Senior Site Reliability Engineer. Investment Management. £120,000 - £130,000 + 15% Guaranteed B[...] employer: CommuniTech Recruitment Group
Contact Detail:
CommuniTech Recruitment Group Recruiting Team
StudySmarter Expert Advice 🤫
We think this is how you could land Senior Site Reliability Engineer. Investment Management. £120,000 - £130,000 + 15% Guaranteed B[...]
✨Tip Number 1
Familiarise yourself with the specific tools mentioned in the job description, such as Prometheus, Grafana, and AWS services. Having hands-on experience or projects showcasing your skills with these technologies can set you apart during discussions.
✨Tip Number 2
Network with current or former employees of the investment management house. Engaging with them on platforms like LinkedIn can provide you with insider knowledge about the company culture and expectations, which can be invaluable during interviews.
✨Tip Number 3
Prepare to discuss your experience with automation tools like Terraform and Ansible. Be ready to share specific examples of how you've used these tools to improve operational efficiency, as this aligns closely with the responsibilities of the role.
✨Tip Number 4
Demonstrate your understanding of SRE principles by preparing to discuss how you've implemented SLIs and SLOs in past projects. This will show your ability to embed reliability best practices into software development processes, a key aspect of the role.

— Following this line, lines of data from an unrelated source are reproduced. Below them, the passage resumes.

lemma expectation_pair_pmf_finite:
  fixes F :: "'a \<times> 'b \<Rightarrow> real"
  assumes fin_A: "finite (set_pmf A)" and fin_B: "finite (set_pmf B)"
  shows "measure_pmf.expectation (pair_pmf A B) F =
         measure_pmf.expectation A (\<lambda>a. measure_pmf.expectation B (\<lambda>b. F (a, b)))"
proof -
  have inner: "measure_pmf.expectation B (\<lambda>b. F (a, b)) = (\<Sum>b\<in>set_pmf B. F (a, b) * pmf B b)" for a
    by (rule integral_measure_pmf_real) (auto simp: fin_B)
  have "measure_pmf.expectation (pair_pmf A B) F
      = (\<Sum>x\<in>set_pmf A \<times> set_pmf B. F x * pmf (pair_pmf A B) x)"
    by (rule integral_measure_pmf_real) (auto simp: fin_A fin_B)
  also have "\<dots> = (\<Sum>a\<in>set_pmf A. \<Sum>b\<in>set_pmf B. F (a, b) * pmf B b * pmf A a)"
    unfolding sum.cartesian_product by (auto simp: pmf_pair mult_ac intro!: sum.cong)
  also have "\<dots> = (\<Sum>a\<in>set_pmf A. (\<Sum>b\<in>set_pmf B. F (a, b) * pmf B b) * pmf A a)"
    by (simp add: sum_distrib_right)
  also have "\<dots> = measure_pmf.expectation A (\<lambda>a. measure_pmf.expectation B (\<lambda>b. F (a, b)))"
    unfolding inner by (rule integral_measure_pmf_real[symmetric]) (auto simp: fin_A)
  finally show ?thesis .
qed

lemma expectation_Pi_pmf_insert:
  fixes F :: "('i \<Rightarrow> 'a) \<Rightarrow> real"
  assumes "finite I" "i \<notin> I" "\<And>j. j \<in> insert i I \<Longrightarrow> finite (set_pmf (p j))"
  shows "measure_pmf.expectation (Pi_pmf (insert i I) d p) F =
         measure_pmf.expectation (p i) (\<lambda>y. measure_pmf.expectation (Pi_pmf I d p) (\<lambda>X. F (X(i := y))))"
proof -
  have "finite (set_pmf (Pi_pmf I d p))" using assms by (intro finite_set_Pi_pmf) auto
  then show ?thesis
    using assms by (simp add: Pi_pmf_insert expectation_pair_pmf_finite case_prod_beta)
qed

We think you need these skills to ace Senior Site Reliability Engineer. Investment Management. £120,000 - £130,000 + 15% Guaranteed B[...]
Some tips for your application 🫡
Tailor Your CV: Make sure your CV highlights relevant experience in Site Reliability Engineering, particularly with AWS and container orchestration. Use specific examples of projects where you've implemented monitoring tools or automated processes.
Craft a Compelling Cover Letter: In your cover letter, express your passion for reliability engineering and how your skills align with the company's goals. Mention your experience with tools like Prometheus and Grafana, and how you can contribute to their hybrid cloud solutions.
Showcase Problem-Solving Skills: Provide examples in your application that demonstrate your ability to identify and solve complex problems. Highlight any experience you have with creating SLIs and SLOs, as well as your approach to continuous improvement.
Highlight Communication Skills: Since the role involves collaboration with various teams, emphasise your communication skills. Mention any experience you have in mentoring others or working cross-functionally, as this will show your ability to foster a shared responsibility for system reliability.
How to prepare for a job interview at CommuniTech Recruitment Group
✨Showcase Your Technical Expertise
Be prepared to discuss your experience with monitoring and alerting tools like Prometheus and Grafana. Highlight specific projects where you've implemented these technologies, as well as your familiarity with AWS and container orchestration solutions.
✨Demonstrate Problem-Solving Skills
Expect to be asked about complex problems you've encountered in previous roles. Prepare examples that illustrate how you identified issues, evaluated solutions, and implemented effective changes, especially in a hybrid cloud environment.
✨Emphasise Collaboration and Mentorship
Since the role involves working closely with development teams and mentoring others, be ready to share experiences where you've fostered collaboration or provided training on SRE principles. This will show your ability to work within a team and enhance overall reliability.
✨Understand Business Context
Familiarise yourself with the investment management sector and the specific challenges it faces regarding technology and compliance. Being able to articulate how your technical skills align with the business strategy will set you apart from other candidates.